• _Exercise details_: Scan the listing below for the word "Typs", then copy each line that has it.

• _Dataset records_:
lemma disjoint_families_grow:
  fixes T S :: "nat \<Rightarrow> 'a list list set"
  assumes T_nonempty: "\<And>m p. p \<in> T m \<Longrightarrow> p \<noteq> []"
    and S_T: "\<And>m. S m \<subseteq> T m" and S0: "s\<^sub>0 \<in> S 0"
    and refine_T: "\<And>m p. p \<in> T m \<Longrightarrow> \<exists>p'\<in>T (Suc m). path_refines p' p"
    and split_S: "\<And>m s. s \<in> S m \<Longrightarrow>
      \<exists>s'\<in>S (Suc m). \<exists>n\<in>T (Suc m). disjnt (set s') (set n) \<and> path_refines s' s \<and> path_refines n s"
  shows "\<exists>F. F \<subseteq> T m \<and> F \<inter> S m \<noteq> {} \<and> finite F \<and> card F = Suc m \<and> disjoint_family_on set F"
proof (induction m)
  case 0
  show ?case
    using S0 S_T by (intro exI[of _ "{s\<^sub>0}"]) (auto simp: disjoint_family_on_def)
next
  case (Suc m)
  then obtain F s where F: "F \<subseteq> T m" "finite F" "card F = Suc m" "disjoint_family_on set F"
    and s: "s \<in> F" "s \<in> S m"
    by blast
  obtain s' n where s': "s' \<in> S (Suc m)" "path_refines s' s"
    and n: "n \<in> T (Suc m)" "path_refines n s" and s'_n: "disjnt (set s') (set n)"
    using split_S[OF s(2)] by blast
  obtain g where g: "\<forall>p\<in>T m. g p \<in> T (Suc m) \<and> path_refines (g p) p"
    using bchoice[of "T m" "\<lambda>p p'. p' \<in> T (Suc m) \<and> path_refines p' p"] refine_T by blast
  define h where "h p = (if p = s then s' else g p)" for p
  have h: "h p \<in> T (Suc m)" "path_refines (h p) p" if "p \<in> F" for p
    using g that F(1) s' S_T by (auto simp: h_def)
  have disjnt_h: "disjnt (set (h p)) (set (h q))" if "p \<in> F" "q \<in> F" "p \<noteq> q" for p q
    using path_refines_disjnt[OF h(2) h(2)] F(4) that
    by (auto simp: disjoint_family_on_def disjnt_def)
  have disjnt_n: "disjnt (set n) (set (h p))" if "p \<in> F" for p
  proof (cases "p = s")
    case True
    then show ?thesis using s'_n by (simp add: h_def disjnt_sym)
  next
    case False
    then show ?thesis
      using path_refines_disjnt[OF n(2) h(2)] F(4) s(1) that
      by (auto simp: disjoint_family_on_def disjnt_def)
  qed
  have distinct_if_disjnt: "x \<noteq> y" if "x \<in> T (Suc m)" "disjnt (set x) (set y)" for x y
    using T_nonempty[OF that(1)] that(2) by (cases x) (auto simp: disjnt_def)
  have inj: "inj_on h F"
    using distinct_if_disjnt disjnt_h h(1) by (meson inj_onI)
  have n_new: "n \<notin> h ` F"
    using distinct_if_disjnt[OF n(1) disjnt_n] by blast
  show ?case
  proof (intro exI conjI)
    show "insert n (h ` F) \<subseteq> T (Suc m)" using n(1) h(1) by blast
    show "insert n (h ` F) \<inter> S (Suc m) \<noteq> {}" using s s' by (auto simp: h_def)
    show "finite (insert n (h ` F))" using F(2) by simp
    show "card (insert n (h ` F)) = Suc (Suc m)"
      using F(2,3) n_new card_image[OF inj] by simp
    show "disjoint_family_on set (insert n (h ` F))"
      using disjnt_h disjnt_n by (fastforce simp: disjoint_family_on_def disjnt_def)
  qed
qed

lemma has_many_disjoint_pathsI:
  assumes "t \<in> Typs R"
    and "\<And>m. \<exists>F. F \<subseteq> Theta R m t \<and> finite F \<and> card F = Suc m \<and> disjoint_family_on set F"
  shows "has_many_disjoint_paths R"
  unfolding has_many_disjoint_paths_def
proof (intro allI impI)
  fix M :: nat
  assume "M > 0"
  moreover obtain F where "F \<subseteq> Theta R M t" "finite F" "card F = Suc M" "disjoint_family_on set F"
    using assms(2) by blast
  ultimately show "\<exists>m t. m \<ge> 1 \<and> t \<in> Typs R \<and> (\<exists>F. F \<subseteq> Theta R m t \<and> finite F \<and> card F \<ge> M \<and>
      (\<forall>p\<in>F. \<forall>q\<in>F. p \<noteq> q \<longrightarrow> set p \<inter> set q = {}))"
    using assms(1) unfolding disjoint_family_on_def by (intro exI[of _ M] exI[of _ t]) auto
qed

• _Exercise result_:
  assumes "t \<in> Typs R"
  ultimately show "\<exists>m t. m \<ge> 1 \<and> t \<in> Typs R \<and> (\<exists>F. F \<subseteq> Theta R m t \<and> finite F \<and> card F \<ge> M \<and>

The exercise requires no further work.